** YOUR TASK **
All records are to be printed exactly as they appear.

** SOURCE MATERIAL **
(* The map $\Upsilon$ is a bijection from $\mathcal{F}$ to $\mathcal{C}^I$, with inverse given by $\Gamma$.
   Context: Fix $I\in\mathbb{N}$. $\mathcal{C}=\{f\in C(\mathbb{R}_+,\mathbb{R}_+):f(0)=0,f\text{ non-decreasing}\}$, $\mathcal{C}^\uparrow=\{f\in\mathcal{C}:f\text{ strictly increasing},\lim_{u\to\infty}f(u)=\infty\}$. For $\psi\in\mathcal{C}^I$, $\phi_i(u):=u-\sum_{j=1}^I2(i\wedge j)\psi_j(u)$; $\mathcal{F}:=\{\psi\in\mathcal{C}^I:\phi_I\in\mathcal{C}^\uparrow\}$; for $\psi\in\mathcal{F}$ each $\phi_i\in\mathcal{C}^\uparrow$ and $\Upsilon(\psi):=(\psi_i\circ\phi_i^{-1})_{i=1}^I$. For $\bar\psi\in\mathcal{C}^I$, $\gamma_I(z):=z$, $\gamma_i(z):=z+\sum_{j>i}2(j-i)\bar\psi_j(\gamma_j(z))$ for $i=I-1,\dots,0$ (each in $\mathcal{C}^\uparrow$), and $\Gamma(\bar\psi):=(\bar\psi_i\circ\gamma_i\circ\gamma_0^{-1})_{i=1}^I$. *)

theory Defs
  imports "HOL-Analysis.Analysis"
begin

text \<open>Functions R+ -> R+ are represented as real => real; only values on {0..} matter.
  I-tuples are represented as nat => real => real, indexed by 1..I, normalised to be
  0 outside the index range {1..I} and outside the domain {0..}, so that equality of
  tuples is plain HOL equality.\<close>

definition Cfun :: "(real \<Rightarrow> real) \<Rightarrow> bool" where
  "Cfun f \<longleftrightarrow> continuous_on {0..} f \<and> f 0 = 0 \<and> (\<forall>u\<ge>0. f u \<ge> 0) \<and> mono_on {0..} f"

definition Cup :: "(real \<Rightarrow> real) \<Rightarrow> bool" where
  "Cup f \<longleftrightarrow> Cfun f \<and> strict_mono_on {0..} f \<and> filterlim f at_top at_top"

definition CI :: "nat \<Rightarrow> (nat \<Rightarrow> real \<Rightarrow> real) set" where
  "CI I = {\<psi>. (\<forall>i\<in>{1..I}. Cfun (\<psi> i)) \<and>
              (\<forall>i u. (i \<notin> {1..I} \<or> u < 0) \<longrightarrow> \<psi> i u = 0)}"

definition phi :: "nat \<Rightarrow> (nat \<Rightarrow> real \<Rightarrow> real) \<Rightarrow> nat \<Rightarrow> real \<Rightarrow> real" where
  "phi I \<psi> i u = u - (\<Sum>j=1..I. 2 * real (min i j) * \<psi> j u)"

definition FF :: "nat \<Rightarrow> (nat \<Rightarrow> real \<Rightarrow> real) set" where
  "FF I = {\<psi> \<in> CI I. Cup (phi I \<psi> I)}"

definition Upsilon :: "nat \<Rightarrow> (nat \<Rightarrow> real \<Rightarrow> real) \<Rightarrow> nat \<Rightarrow> real \<Rightarrow> real" where
  "Upsilon I \<psi> = (\<lambda>i u. if i \<in> {1..I} \<and> 0 \<le> u
       then \<psi> i (the_inv_into {0..} (phi I \<psi> i) u) else 0)"

function gam :: "nat \<Rightarrow> (nat \<Rightarrow> real \<Rightarrow> real) \<Rightarrow> nat \<Rightarrow> real \<Rightarrow> real" where
  "gam I \<psi> i z = (if I \<le> i then z
      else z + (\<Sum>j\<in>{i<..I}. 2 * real (j - i) * \<psi> j (gam I \<psi> j z)))"
  by pat_completeness auto
termination
  by (relation "Wellfounded.measure (\<lambda>(I, \<psi>, i, z). I - i)") auto

definition Gamma :: "nat \<Rightarrow> (nat \<Rightarrow> real \<Rightarrow> real) \<Rightarrow> nat \<Rightarrow> real \<Rightarrow> real" where
  "Gamma I \<psi> = (\<lambda>i u. if i \<in> {1..I} \<and> 0 \<le> u
       then \<psi> i (gam I \<psi> i (the_inv_into {0..} (gam I \<psi> 0) u)) else 0)"

end

theory Submission
  imports Defs
begin

text \<open>Splitting the sum defining phi at i gives phi_i = phi_I + sum_{j>i} 2(j-i) psi_j, and
  phi_0 = id. For psi in F and psi' = Upsilon psi we have psi'_j (phi_j u) = psi_j u, so downward
  induction on i gives gamma_i (phi_I u) = phi_i u for the gamma built from psi'. At i = 0 this
  says gamma_0 = phi_I^{-1}, whence Gamma(psi')_i = psi'_i o phi_i = psi_i.
  Conversely, for psi' in C^I and psi = Gamma psi' we have psi_j (gamma_0 z) = psi'_j (gamma_j z),
  and the same splitting read at u = gamma_0 z gives phi_i (gamma_0 z) = gamma_i z. So
  phi_I = gamma_0^{-1} is in C-up, i.e. psi is in F, and
  Upsilon(psi)_i (gamma_i z) = psi_i (gamma_0 z) = psi'_i (gamma_i z); as gamma_i maps [0,oo) onto
  itself, Upsilon psi = psi'. The analytic input is that C-up is closed under inversion and under
  adding a function from C.\<close>

lemma Cup_imp_Cfun: "Cup f \<Longrightarrow> Cfun f"
  by (simp add: Cup_def)

lemma Cfun_nonneg: "Cfun f \<Longrightarrow> 0 \<le> u \<Longrightarrow> 0 \<le> f u"
  by (simp add: Cfun_def)

lemma Cfun_mono: "Cfun f \<Longrightarrow> 0 \<le> u \<Longrightarrow> u \<le> v \<Longrightarrow> f u \<le> f v"
  by (simp add: Cfun_def mono_on_def)

lemma Cfun_cong:
  assumes "Cfun f" "\<And>u. 0 \<le> u \<Longrightarrow> g u = f u"
  shows "Cfun g"
proof -
  have "continuous_on {0..} g"
    using assms continuous_on_cong[of "{0..}" "{0..}" g f] by (simp add: Cfun_def)
  then show ?thesis
    using assms by (simp add: Cfun_def mono_on_def)
qed

lemma Cfun_compose:
  assumes "Cfun f" "Cfun g"
  shows "Cfun (\<lambda>u. f (g u))"
proof -
  have "g ` {0..} \<subseteq> {0..}"
    using Cfun_nonneg[OF assms(2)] by auto
  then have "continuous_on {0..} (\<lambda>u. f (g u))"
    using assms continuous_on_subset[of "{0..}" f "g ` {0..}"]
      continuous_on_compose[of "{0..}" g f] by (simp add: Cfun_def comp_def)
  moreover have "mono_on {0..} (\<lambda>u. f (g u))"
    using assms by (intro mono_onI) (simp add: Cfun_mono Cfun_nonneg)
  ultimately show ?thesis
    using assms by (simp add: Cfun_def)
qed

lemma Cfun_sum:
  assumes "finite S" "\<And>j. j \<in> S \<Longrightarrow> 0 \<le> c j" "\<And>j. j \<in> S \<Longrightarrow> Cfun (F j)"
  shows "Cfun (\<lambda>u. \<Sum>j\<in>S. c j * F j u)"
proof -
  have "continuous_on {0..} (\<lambda>u. \<Sum>j\<in>S. c j * F j u)"
    using assms(3) by (auto simp: Cfun_def intro!: continuous_intros)
  moreover have "mono_on {0..} (\<lambda>u. \<Sum>j\<in>S. c j * F j u)"
    using assms(2,3) by (intro mono_onI sum_mono mult_left_mono) (auto simp: Cfun_mono)
  ultimately show ?thesis
    using assms(2,3) by (simp add: Cfun_def sum_nonneg)
qed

** SOLUTION FOR THIS TASK **
(* The map $\Upsilon$ is a bijection from $\mathcal{F}$ to $\mathcal{C}^I$, with inverse given by $\Gamma$.
   Context: Fix $I\in\mathbb{N}$. $\mathcal{C}=\{f\in C(\mathbb{R}_+,\mathbb{R}_+):f(0)=0,f\text{ non-decreasing}\}$, $\mathcal{C}^\uparrow=\{f\in\mathcal{C}:f\text{ strictly increasing},\lim_{u\to\infty}f(u)=\infty\}$. For $\psi\in\mathcal{C}^I$, $\phi_i(u):=u-\sum_{j=1}^I2(i\wedge j)\psi_j(u)$; $\mathcal{F}:=\{\psi\in\mathcal{C}^I:\phi_I\in\mathcal{C}^\uparrow\}$; for $\psi\in\mathcal{F}$ each $\phi_i\in\mathcal{C}^\uparrow$ and $\Upsilon(\psi):=(\psi_i\circ\phi_i^{-1})_{i=1}^I$. For $\bar\psi\in\mathcal{C}^I$, $\gamma_I(z):=z$, $\gamma_i(z):=z+\sum_{j>i}2(j-i)\bar\psi_j(\gamma_j(z))$ for $i=I-1,\dots,0$ (each in $\mathcal{C}^\uparrow$), and $\Gamma(\bar\psi):=(\bar\psi_i\circ\gamma_i\circ\gamma_0^{-1})_{i=1}^I$. *)

theory Defs
  imports "HOL-Analysis.Analysis"
begin

text \<open>Functions R+ -> R+ are represented as real => real; only values on {0..} matter.
  I-tuples are represented as nat => real => real, indexed by 1..I, normalised to be
  0 outside the index range {1..I} and outside the domain {0..}, so that equality of
  tuples is plain HOL equality.\<close>

definition Cfun :: "(real \<Rightarrow> real) \<Rightarrow> bool" where
  "Cfun f \<longleftrightarrow> continuous_on {0..} f \<and> f 0 = 0 \<and> (\<forall>u\<ge>0. f u \<ge> 0) \<and> mono_on {0..} f"

definition Cup :: "(real \<Rightarrow> real) \<Rightarrow> bool" where
  "Cup f \<longleftrightarrow> Cfun f \<and> strict_mono_on {0..} f \<and> filterlim f at_top at_top"

definition CI :: "nat \<Rightarrow> (nat \<Rightarrow> real \<Rightarrow> real) set" where
  "CI I = {\<psi>. (\<forall>i\<in>{1..I}. Cfun (\<psi> i)) \<and>
              (\<forall>i u. (i \<notin> {1..I} \<or> u < 0) \<longrightarrow> \<psi> i u = 0)}"

definition phi :: "nat \<Rightarrow> (nat \<Rightarrow> real \<Rightarrow> real) \<Rightarrow> nat \<Rightarrow> real \<Rightarrow> real" where
  "phi I \<psi> i u = u - (\<Sum>j=1..I. 2 * real (min i j) * \<psi> j u)"

definition FF :: "nat \<Rightarrow> (nat \<Rightarrow> real \<Rightarrow> real) set" where
  "FF I = {\<psi> \<in> CI I. Cup (phi I \<psi> I)}"

definition Upsilon :: "nat \<Rightarrow> (nat \<Rightarrow> real \<Rightarrow> real) \<Rightarrow> nat \<Rightarrow> real \<Rightarrow> real" where
  "Upsilon I \<psi> = (\<lambda>i u. if i \<in> {1..I} \<and> 0 \<le> u
       then \<psi> i (the_inv_into {0..} (phi I \<psi> i) u) else 0)"

function gam :: "nat \<Rightarrow> (nat \<Rightarrow> real \<Rightarrow> real) \<Rightarrow> nat \<Rightarrow> real \<Rightarrow> real" where
  "gam I \<psi> i z = (if I \<le> i then z
      else z + (\<Sum>j\<in>{i<..I}. 2 * real (j - i) * \<psi> j (gam I \<psi> j z)))"
  by pat_completeness auto
termination
  by (relation "Wellfounded.measure (\<lambda>(I, \<psi>, i, z). I - i)") auto

definition Gamma :: "nat \<Rightarrow> (nat \<Rightarrow> real \<Rightarrow> real) \<Rightarrow> nat \<Rightarrow> real \<Rightarrow> real" where
  "Gamma I \<psi> = (\<lambda>i u. if i \<in> {1..I} \<and> 0 \<le> u
       then \<psi> i (gam I \<psi> i (the_inv_into {0..} (gam I \<psi> 0) u)) else 0)"

end

theory Submission
  imports Defs
begin

text \<open>Splitting the sum defining phi at i gives phi_i = phi_I + sum_{j>i} 2(j-i) psi_j, and
  phi_0 = id. For psi in F and psi' = Upsilon psi we have psi'_j (phi_j u) = psi_j u, so downward
  induction on i gives gamma_i (phi_I u) = phi_i u for the gamma built from psi'. At i = 0 this
  says gamma_0 = phi_I^{-1}, whence Gamma(psi')_i = psi'_i o phi_i = psi_i.
  Conversely, for psi' in C^I and psi = Gamma psi' we have psi_j (gamma_0 z) = psi'_j (gamma_j z),
  and the same splitting read at u = gamma_0 z gives phi_i (gamma_0 z) = gamma_i z. So
  phi_I = gamma_0^{-1} is in C-up, i.e. psi is in F, and
  Upsilon(psi)_i (gamma_i z) = psi_i (gamma_0 z) = psi'_i (gamma_i z); as gamma_i maps [0,oo) onto
  itself, Upsilon psi = psi'. The analytic input is that C-up is closed under inversion and under
  adding a function from C.\<close>

lemma Cup_imp_Cfun: "Cup f \<Longrightarrow> Cfun f"
  by (simp add: Cup_def)

lemma Cfun_nonneg: "Cfun f \<Longrightarrow> 0 \<le> u \<Longrightarrow> 0 \<le> f u"
  by (simp add: Cfun_def)

lemma Cfun_mono: "Cfun f \<Longrightarrow> 0 \<le> u \<Longrightarrow> u \<le> v \<Longrightarrow> f u \<le> f v"
  by (simp add: Cfun_def mono_on_def)

lemma Cfun_cong:
  assumes "Cfun f" "\<And>u. 0 \<le> u \<Longrightarrow> g u = f u"
  shows "Cfun g"
proof -
  have "continuous_on {0..} g"
    using assms continuous_on_cong[of "{0..}" "{0..}" g f] by (simp add: Cfun_def)
  then show ?thesis
    using assms by (simp add: Cfun_def mono_on_def)
qed

lemma Cfun_compose:
  assumes "Cfun f" "Cfun g"
  shows "Cfun (\<lambda>u. f (g u))"
proof -
  have "g ` {0..} \<subseteq> {0..}"
    using Cfun_nonneg[OF assms(2)] by auto
  then have "continuous_on {0..} (\<lambda>u. f (g u))"
    using assms continuous_on_subset[of "{0..}" f "g ` {0..}"]
      continuous_on_compose[of "{0..}" g f] by (simp add: Cfun_def comp_def)
  moreover have "mono_on {0..} (\<lambda>u. f (g u))"
    using assms by (intro mono_onI) (simp add: Cfun_mono Cfun_nonneg)
  ultimately show ?thesis
    using assms by (simp add: Cfun_def)
qed

lemma Cfun_sum:
  assumes "finite S" "\<And>j. j \<in> S \<Longrightarrow> 0 \<le> c j" "\<And>j. j \<in> S \<Longrightarrow> Cfun (F j)"
  shows "Cfun (\<lambda>u. \<Sum>j\<in>S. c j * F j u)"
proof -
  have "continuous_on {0..} (\<lambda>u. \<Sum>j\<in>S. c j * F j u)"
    using assms(3) by (auto simp: Cfun_def intro!: continuous_intros)
  moreover have "mono_on {0..} (\<lambda>u. \<Sum>j\<in>S. c j * F j u)"
    using assms(2,3) by (intro mono_onI sum_mono mult_left_mono) (auto simp: Cfun_mono)
  ultimately show ?thesis
    using assms(2,3) by (simp add: Cfun_def sum_nonneg)
qed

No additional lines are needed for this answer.